* PROMPT *
Work through the listing below, copying each line that carries the word "sets".
== Segment start ==
(* Let $k \geq 2$ be an integer. Suppose that, for each $k$-admissible integer $n \geq 2k$, every non-reducible partial $k$-star design of order $n$ with at most $u(n,k)$ stars is completable. Then, for each $k$-admissible integer $n \geq 2k$, every partial $k$-star design of order $n$ with at most $u(n,k)$ stars is completable.
   Context: A $k$-star is a copy of $K_{1,k}$; its vertex of degree $k$ is the centre and the others are leaves. A partial $k$-star design of order $n$ is a pair $(V,\mathcal{A})$ where $V$ is a set of $n$ vertices and $\mathcal{A}$ is a set of edge-disjoint $k$-stars that are subgraphs of the complete graph $K_V$; it is completable if there is a set $\mathcal{B}\supseteq\mathcal{A}$ of edge-disjoint $k$-stars in $K_V$ covering all edges of $K_V$. A positive integer $n$ is $k$-admissible if $\binom{n}{2}\equiv 0 \pmod{k}$. Here \[u(n,k)= \begin{cases} 2 \lfloor \frac{n-2}{k} \rfloor-1 & \text{if $n \not \equiv 1\pmod{k}$},\\ \frac{2(n-1)}{k} - 2 & \text{if $n \equiv 1\pmod{k}$.} \end{cases} \] A partial $k$-star design $(V,\mathcal{A})$ of order $n$ is reducible if $n \equiv 1 \pmod{k}$, $|\mathcal{A}|=u(n,k)$, and there is a vertex which is the centre of at least one star in $\mathcal{A}$ and is not a leaf of any star in $\mathcal{A}$; otherwise it is non-reducible. *)

theory Defs
  imports Main
begin

text \<open>A k-star in K_V is represented by a pair (centre, set of leaves).\<close>

definition star_edges :: "nat \<times> nat set \<Rightarrow> nat set set" where
  "star_edges S = {{fst S, x} | x. x \<in> snd S}"

definition is_k_star :: "nat \<Rightarrow> nat set \<Rightarrow> nat \<times> nat set \<Rightarrow> bool" where
  "is_k_star k V S \<longleftrightarrow> fst S \<in> V \<and> snd S \<subseteq> V \<and> fst S \<notin> snd S \<and> card (snd S) = k"

definition complete_edges :: "nat set \<Rightarrow> nat set set" where
  "complete_edges V = {{x, y} | x y. x \<in> V \<and> y \<in> V \<and> x \<noteq> y}"

definition partial_star_design :: "nat \<Rightarrow> nat set \<Rightarrow> (nat \<times> nat set) set \<Rightarrow> bool" where
  "partial_star_design k V A \<longleftrightarrow> finite V \<and> (\<forall>S\<in>A. is_k_star k V S) \<and>
     (\<forall>S\<in>A. \<forall>T\<in>A. S \<noteq> T \<longrightarrow> star_edges S \<inter> star_edges T = {})"

definition completable :: "nat \<Rightarrow> nat set \<Rightarrow> (nat \<times> nat set) set \<Rightarrow> bool" where
  "completable k V A \<longleftrightarrow> (\<exists>B. A \<subseteq> B \<and> partial_star_design k V B \<and>
     (\<Union>S\<in>B. star_edges S) = complete_edges V)"

definition admissible :: "nat \<Rightarrow> nat \<Rightarrow> bool" where
  "admissible k n \<longleftrightarrow> (n choose 2) mod k = 0"

definition u :: "nat \<Rightarrow> nat \<Rightarrow> int" where
  "u n k = (if n mod k \<noteq> 1 mod k then 2 * ((int n - 2) div int k) - 1
            else 2 * (int n - 1) div int k - 2)"

definition reducible :: "nat \<Rightarrow> nat set \<Rightarrow> (nat \<times> nat set) set \<Rightarrow> bool" where
  "reducible k V A \<longleftrightarrow> card V mod k = 1 mod k \<and> int (card A) = u (card V) k \<and>
     (\<exists>x. (\<exists>L. (x, L) \<in> A) \<and> (\<forall>S\<in>A. x \<notin> snd S))"

end

theory Submission
  imports Defs
begin

text \<open>If A is reducible, let x be a centre of A that is a leaf of no star. Deleting x together
with the stars centred at x leaves a partial design of order n - 1. It is admissible, since
C(n,2) = C(n-1,2) + (n-1) and k divides n - 1; it is not reducible, since n - 1 is not 1 mod k;
and it has fewer than u(n,k) stars, i.e. at most u(n-1,k) = u(n,k) - 1. So it is completable by
hypothesis. The leaf sets of the deleted stars are disjoint k-subsets of V - {x}, whose size
n - 1 is divisible by k, so they extend to a partition of V - {x} into k-sets; the stars centred
at x on these sets cover exactly the edges at x.\<close>

lemma obtain_partition_card:
  assumes "finite R" "k dvd card R"
  obtains P where "pairwise disjnt P" "\<Union>P = R" "\<forall>p\<in>P. card p = k"
proof -
  have "\<exists>P. pairwise disjnt P \<and> \<Union>P = R \<and> (\<forall>p\<in>P. card p = k)"
    using assms
  proof (induction "card R" arbitrary: R rule: less_induct)
    case less
    show ?case
    proof (cases "R = {}")
      case True
      then show ?thesis by (intro exI[of _ "{}"]) auto
    next
      case False
      then have "0 < card R" using less.prems(1) by auto
      then have "k \<le> card R" "0 < k" using less.prems(2) by (auto intro: dvd_imp_le)
      then obtain p where p: "p \<subseteq> R" "card p = k" "finite p"
        by (metis obtain_subset_with_card_n)
      have "card (R - p) = card R - k" using p by (simp add: card_Diff_subset)
      then have "card (R - p) < card R" "k dvd card (R - p)"
        using \<open>0 < k\<close> \<open>k \<le> card R\<close> less.prems(2) by auto
      then obtain P where P: "pairwise disjnt P" "\<Union>P = R - p" "\<forall>q\<in>P. card q = k"
        using less.hyps less.prems(1) by (meson finite_Diff)
      have "pairwise disjnt (insert p P)"
        using P(1,2) by (auto simp: pairwise_insert disjnt_def)
      moreover have "\<Union>(insert p P) = R" using P(2) p(1) by blast
      ultimately show ?thesis using P(3) p(2) by blast
    qed
  qed
  then show thesis using that by blast
qed

lemma obtain_partition_card_extending:
  assumes "finite W" "k dvd card W" "pairwise disjnt F" "\<forall>p\<in>F. p \<subseteq> W \<and> card p = k"
  obtains Q where "F \<subseteq> Q" "pairwise disjnt Q" "\<Union>Q = W" "\<forall>q\<in>Q. card q = k"
proof -
  have "card (\<Union>F) = sum card F"
    using assms(1,3,4) by (intro card_Union_disjoint) (auto intro: finite_subset)
  also have "\<dots> = k * card F" using assms(4) by simp
  finally have "card (\<Union>F) = k * card F" .
  moreover have "\<Union>F \<subseteq> W" using assms(4) by blast
  ultimately have "k dvd card (W - \<Union>F)"
    using assms(1,2) by (simp add: card_Diff_subset finite_subset)
  then obtain P where P: "pairwise disjnt P" "\<Union>P = W - \<Union>F" "\<forall>p\<in>P. card p = k"
    using assms(1) by (metis obtain_partition_card finite_Diff)
  have "disjnt X Y" if "X \<in> F" "Y \<in> P" for X Y
    using that P(2) unfolding disjnt_def by blast
  then have "pairwise disjnt (F \<union> P)"
    using assms(3) P(1) unfolding pairwise_def by (metis UnE disjnt_sym)
  moreover have "\<Union>(F \<union> P) = W" using P(2) assms(4) by blast
  ultimately show ?thesis using that P(3) assms(4) by blast
qed

lemma complete_edges_remove_vertex:
  "x \<in> V \<Longrightarrow> complete_edges V = complete_edges (V - {x}) \<union> star_edges (x, V - {x})"
  unfolding complete_edges_def star_edges_def by (auto simp: insert_commute)

lemma UN_star_edges_same_centre: "(\<Union>L\<in>Q. star_edges (c, L)) = star_edges (c, \<Union>Q)"
  unfolding star_edges_def by auto

lemma star_edges_disjoint_same_centre:
  "c \<notin> L \<Longrightarrow> L \<inter> M = {} \<Longrightarrow> star_edges (c, L) \<inter> star_edges (c, M) = {}"
  unfolding star_edges_def by (auto simp: doubleton_eq_iff)

lemma star_edges_disjoint_centre_outside:
  "fst S \<noteq> c \<Longrightarrow> c \<notin> snd S \<Longrightarrow> star_edges S \<inter> star_edges (c, L) = {}"
  unfolding star_edges_def by (auto simp: doubleton_eq_iff)

lemma partial_star_design_finite: "partial_star_design k V A \<Longrightarrow> finite A"
proof -
  assume A: "partial_star_design k V A"
  then have "A \<subseteq> V \<times> Pow V" unfolding partial_star_design_def is_k_star_def by force
  then show "finite A" using A unfolding partial_star_design_def by (simp add: finite_subset)
qed

lemma partial_star_design_leaves_disjoint:
  assumes "partial_star_design k V A" "S \<in> A" "T \<in> A" "S \<noteq> T" "fst S = fst T"
  shows "snd S \<inter> snd T = {}"
proof -
  have "star_edges S \<inter> star_edges T = {}"
    using assms(1-4) unfolding partial_star_design_def by blast
  then show ?thesis using assms(5) unfolding star_edges_def by auto
qed

lemma partial_star_design_remove_vertex:
  assumes "partial_star_design k V A" "\<forall>S\<in>A. x \<notin> snd S"
  shows "partial_star_design k (V - {x}) {S\<in>A. fst S \<noteq> x}"
proof -
  have "is_k_star k (V - {x}) S" if "S \<in> A" "fst S \<noteq> x" for S
    using assms that unfolding partial_star_design_def is_k_star_def by blast
  then show ?thesis using assms(1) unfolding partial_star_design_def by blast
qed

lemma partial_star_design_add_vertex_stars:
  assumes B: "partial_star_design k (V - {x}) B"
    and "x \<in> V" and Q: "pairwise disjnt Q" "\<Union>Q = V - {x}" "\<forall>L\<in>Q. card L = k"
  shows "partial_star_design k V (B \<union> Pair x ` Q)"
  unfolding partial_star_design_def
proof (intro conjI ballI impI)
  show "finite V" using B unfolding partial_star_design_def by simp
next
  fix S assume "S \<in> B \<union> Pair x ` Q"
  then show "is_k_star k V S"
    using B \<open>x \<in> V\<close> Q(2,3) unfolding partial_star_design_def is_k_star_def by auto
next
  have old_new: "star_edges S \<inter> star_edges (x, L) = {}" if "S \<in> B" for S L
    using B that star_edges_disjoint_centre_outside[of S x L]
    unfolding partial_star_design_def is_k_star_def by auto
  have new_new: "star_edges (x, L) \<inter> star_edges (x, M) = {}" if "L \<in> Q" "M \<in> Q" "L \<noteq> M" for L M
    using Q(1,2) that star_edges_disjoint_same_centre[of x L M]
    unfolding pairwise_def disjnt_def by blast
  fix S T assume S: "S \<in> B \<union> Pair x ` Q" and T: "T \<in> B \<union> Pair x ` Q" and "S \<noteq> T"
  from S T show "star_edges S \<inter> star_edges T = {}"
  proof (elim UnE imageE)
    assume "S \<in> B" "T \<in> B"
    then show ?thesis using B \<open>S \<noteq> T\<close> unfolding partial_star_design_def by blast
  next
    fix M assume "S \<in> B" "T = (x, M)"
    then show ?thesis using old_new by blast
  next
    fix L assume "S = (x, L)" "T \<in> B"
    then show ?thesis using old_new by (metis Int_commute)
  next
    fix L M assume "L \<in> Q" "M \<in> Q" "S = (x, L)" "T = (x, M)"
    then show ?thesis using new_new \<open>S \<noteq> T\<close> by blast
  qed
qed
(* Let $\tilde Q=\|q_{ik}\|$ ($k\in\mathbb N$, $i\in\{0,\dots,N_k-1\}$) define a $\tilde Q$-expansion of $[0,1]$. Suppose that for every sequence of digits $(i_k)_{k\ge1}$ with $i_k\in\{0,\dots,N_k-1\}$, $$\lim_{k\to\infty}\frac{\ln q_{i_kk}}{\ln\bigl(q_{i_11}q_{i_22}\cdots q_{i_{k-1}(k-1)}\bigr)}=0.$$ Then the family $\varPhi$ of interiors of the cylinders of this expansion is faithful for packing dimension calculation: $\dim_P(E,\varPhi)=\dim_{P(\mathit{unc})}(E)$ for every $E\subset[0,1]$.
   Context: $\tilde Q$-expansion: integers $N_k\ge2$, $q_{ik}>0$, $\sum_iq_{ik}=1$, $\prod_k\max_iq_{ik}=0$; with $\beta_{ik}=\sum_{l<i}q_{lk}$ each $x\in[0,1]$ is $x=\sum_k\beta_{a_kk}\prod_{j<k}q_{a_jj}$; the rank-$n$ cylinder $\{x:a_j(x)=c_j,j\le n\}$ is an interval of length $\prod_{j\le n}q_{c_jj}$. In $\mathbb R$: an uncentered $\varepsilon$-packing of $E$ is a countable family of pairwise disjoint open intervals of length $\le\varepsilon$ each meeting $E$; $\mathcal P^\alpha_{\varepsilon(\mathit{unc})}(E)=\sup\sum|E_i|^\alpha$, $\mathcal P^\alpha_{0(\mathit{unc})}=\lim_{\varepsilon\to0}$, $\mathcal P^\alpha_{(\mathit{unc})}(E)=\inf\{\sum_j\mathcal P^\alpha_{0(\mathit{unc})}(E_j):E\subset\bigcup E_j\}$, $\dim_{P(\mathit{unc})}(E)=\inf\{\alpha:\mathcal P^\alpha_{(\mathit{unc})}(E)=0\}$; $\dim_P(E,\varPhi)$ is the same using only packings by intervals from $\varPhi$. *)

theory Defs
  imports "HOL-Analysis.Analysis"
begin

text \<open>Q-tilde expansion data: N k (k \<ge> 1) digits at position k, q i k the
  weight of digit i at position k.\<close>

definition Qexp :: "(nat \<Rightarrow> nat) \<Rightarrow> (nat \<Rightarrow> nat \<Rightarrow> real) \<Rightarrow> bool" where
  "Qexp N q \<longleftrightarrow>
     (\<forall>k\<ge>1. N k \<ge> 2) \<and>
     (\<forall>k\<ge>1. \<forall>i<N k. q i k > 0) \<and>
     (\<forall>k\<ge>1. (\<Sum>i<N k. q i k) = 1) \<and>
     (\<lambda>n. \<Prod>k\<in>{1..n}. Max ((\<lambda>i. q i k) ` {..<N k})) \<longlonglongrightarrow> 0"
== Segment end ==
* FINAL ANSWER *
hypothesis. The leaf sets of the deleted stars are disjoint k-subsets of V - {x}, whose size
n - 1 is divisible by k, so they extend to a partition of V - {x} into k-sets; the stars centred
at x on these sets cover exactly the edges at x.\<close>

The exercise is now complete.